╭─ Task input

(* Let $\rho$ be a density operator with purity $\wp=\operatorname{tr}(\rho^2)$ and $O$ a traceless Hermitian operator on $\mathcal H$. Let $\mathcal E(\rho)=\{W\rho W^\dagger\}$ and $\mathcal E(O)=\{WOW^\dagger\}$ with $W$ Haar-random in $U(d)$. Then $$\mathbb E_{\rho'\sim\mathcal E(\rho)}[\operatorname{tr}(\rho'O)]^2=\mathbb E_{O'\sim\mathcal E(O)}[\operatorname{tr}(\rho O')]^2=\frac{d\wp-1}{d(d^2-1)}\|O\|_2^2,$$ $$\mathbb E_{\rho'\sim\mathcal E(\rho)}\|\Xi_{\rho',O}\|_2^2=\mathbb E_{O'\sim\mathcal E(O)}\|\Xi_{\rho,O'}\|_2^2=\frac{d^2\wp-d}{d^2-1}\|O\|_2^2,$$ $$\mathbb E_{\rho'\sim\mathcal E(\rho)}\tilde\Xi_{\rho',O}\cdot\Xi_{\rho',O}=\mathbb E_{O'\sim\mathcal E(O)}\tilde\Xi_{\rho,O'}\cdot\Xi_{\rho,O'}=\frac{d\wp-1}{d^2-1}\|O\|_2^2.$$
   Context: $n\ge1$, $d=2^n$, $\mathcal H=(\mathbb C^2)^{\otimes n}$, $\overline{\mathcal P}_n=\{I,X,Y,Z\}^{\otimes n}$. For operators $A,B$ define functions on $\overline{\mathcal P}_n$ regarded as vectors in $\mathbb R^{d^2}$ (Euclidean norm, standard inner product): $\Xi_{A,B}(P)=\operatorname{tr}(AP)\operatorname{tr}(BP)$, $\tilde\Xi_{A,B}(P)=\operatorname{tr}(APBP)$. $\|O\|_2$ is the Hilbert–Schmidt norm. *)

theory Defs
  imports "HOL-Probability.Probability"
begin

text \<open>Hilbert space of n qubits: basis indexed by 'n \<Rightarrow> bool (n = CARD('n)), so d = 2^n.
  Operators are complex matrices indexed by this basis.\<close>

type_synonym 'n op = "complex ^ ('n \<Rightarrow> bool) ^ ('n \<Rightarrow> bool)"

definition cadj :: "complex ^ 'a ^ 'a \<Rightarrow> complex ^ 'a ^ 'a" where
  "cadj M = (\<chi> i j. cnj (M $ j $ i))"

definition mtrace :: "complex ^ 'a ^ 'a \<Rightarrow> complex" where
  "mtrace M = (\<Sum>i\<in>UNIV. M $ i $ i)"

definition hermitian_mat :: "complex ^ 'a ^ 'a \<Rightarrow> bool" where
  "hermitian_mat M \<longleftrightarrow> cadj M = M"

definition unitary_mat :: "complex ^ 'a ^ 'a \<Rightarrow> bool" where
  "unitary_mat U \<longleftrightarrow> cadj U ** U = mat 1"

definition psd_mat :: "complex ^ 'a ^ 'a \<Rightarrow> bool" where
  "psd_mat M \<longleftrightarrow> (\<forall>v :: complex ^ 'a.
     Im (\<Sum>i\<in>UNIV. \<Sum>j\<in>UNIV. cnj (v $ i) * M $ i $ j * v $ j) = 0 \<and>
     Re (\<Sum>i\<in>UNIV. \<Sum>j\<in>UNIV. cnj (v $ i) * M $ i $ j * v $ j) \<ge> 0)"

definition density_op :: "complex ^ 'a ^ 'a \<Rightarrow> bool" where
  "density_op \<rho> \<longleftrightarrow> hermitian_mat \<rho> \<and> psd_mat \<rho> \<and> mtrace \<rho> = 1"

definition hs_norm :: "complex ^ 'a ^ 'a \<Rightarrow> real" where
  "hs_norm M = sqrt (\<Sum>i\<in>UNIV. \<Sum>j\<in>UNIV. (cmod (M $ i $ j))\<^sup>2)"

definition conj_by :: "complex ^ 'a ^ 'a \<Rightarrow> complex ^ 'a ^ 'a \<Rightarrow> complex ^ 'a ^ 'a" where
  "conj_by W A = W ** A ** cadj W"

text \<open>Single-qubit Pauli matrices (basis False = |0>, True = |1>).\<close>
datatype pauli = PI | PX | PY | PZ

╰─

_What to produce_
Each entry above is to be printed again exactly.

_Output below_
(* Let $\rho$ be a density operator with purity $\wp=\operatorname{tr}(\rho^2)$ and $O$ a traceless Hermitian operator on $\mathcal H$. Let $\mathcal E(\rho)=\{W\rho W^\dagger\}$ and $\mathcal E(O)=\{WOW^\dagger\}$ with $W$ Haar-random in $U(d)$. Then $$\mathbb E_{\rho'\sim\mathcal E(\rho)}[\operatorname{tr}(\rho'O)]^2=\mathbb E_{O'\sim\mathcal E(O)}[\operatorname{tr}(\rho O')]^2=\frac{d\wp-1}{d(d^2-1)}\|O\|_2^2,$$ $$\mathbb E_{\rho'\sim\mathcal E(\rho)}\|\Xi_{\rho',O}\|_2^2=\mathbb E_{O'\sim\mathcal E(O)}\|\Xi_{\rho,O'}\|_2^2=\frac{d^2\wp-d}{d^2-1}\|O\|_2^2,$$ $$\mathbb E_{\rho'\sim\mathcal E(\rho)}\tilde\Xi_{\rho',O}\cdot\Xi_{\rho',O}=\mathbb E_{O'\sim\mathcal E(O)}\tilde\Xi_{\rho,O'}\cdot\Xi_{\rho,O'}=\frac{d\wp-1}{d^2-1}\|O\|_2^2.$$
   Context: $n\ge1$, $d=2^n$, $\mathcal H=(\mathbb C^2)^{\otimes n}$, $\overline{\mathcal P}_n=\{I,X,Y,Z\}^{\otimes n}$. For operators $A,B$ define functions on $\overline{\mathcal P}_n$ regarded as vectors in $\mathbb R^{d^2}$ (Euclidean norm, standard inner product): $\Xi_{A,B}(P)=\operatorname{tr}(AP)\operatorname{tr}(BP)$, $\tilde\Xi_{A,B}(P)=\operatorname{tr}(APBP)$. $\|O\|_2$ is the Hilbert–Schmidt norm. *)

theory Defs
  imports "HOL-Probability.Probability"
begin

text \<open>Hilbert space of n qubits: basis indexed by 'n \<Rightarrow> bool (n = CARD('n)), so d = 2^n.
  Operators are complex matrices indexed by this basis.\<close>

type_synonym 'n op = "complex ^ ('n \<Rightarrow> bool) ^ ('n \<Rightarrow> bool)"

definition cadj :: "complex ^ 'a ^ 'a \<Rightarrow> complex ^ 'a ^ 'a" where
  "cadj M = (\<chi> i j. cnj (M $ j $ i))"

definition mtrace :: "complex ^ 'a ^ 'a \<Rightarrow> complex" where
  "mtrace M = (\<Sum>i\<in>UNIV. M $ i $ i)"

definition hermitian_mat :: "complex ^ 'a ^ 'a \<Rightarrow> bool" where
  "hermitian_mat M \<longleftrightarrow> cadj M = M"

definition unitary_mat :: "complex ^ 'a ^ 'a \<Rightarrow> bool" where
  "unitary_mat U \<longleftrightarrow> cadj U ** U = mat 1"

definition psd_mat :: "complex ^ 'a ^ 'a \<Rightarrow> bool" where
  "psd_mat M \<longleftrightarrow> (\<forall>v :: complex ^ 'a.
     Im (\<Sum>i\<in>UNIV. \<Sum>j\<in>UNIV. cnj (v $ i) * M $ i $ j * v $ j) = 0 \<and>
     Re (\<Sum>i\<in>UNIV. \<Sum>j\<in>UNIV. cnj (v $ i) * M $ i $ j * v $ j) \<ge> 0)"

definition density_op :: "complex ^ 'a ^ 'a \<Rightarrow> bool" where
  "density_op \<rho> \<longleftrightarrow> hermitian_mat \<rho> \<and> psd_mat \<rho> \<and> mtrace \<rho> = 1"

definition hs_norm :: "complex ^ 'a ^ 'a \<Rightarrow> real" where
  "hs_norm M = sqrt (\<Sum>i\<in>UNIV. \<Sum>j\<in>UNIV. (cmod (M $ i $ j))\<^sup>2)"

definition conj_by :: "complex ^ 'a ^ 'a \<Rightarrow> complex ^ 'a ^ 'a \<Rightarrow> complex ^ 'a ^ 'a" where
  "conj_by W A = W ** A ** cadj W"

text \<open>Single-qubit Pauli matrices (basis False = |0>, True = |1>).\<close>
datatype pauli = PI | PX | PY | PZ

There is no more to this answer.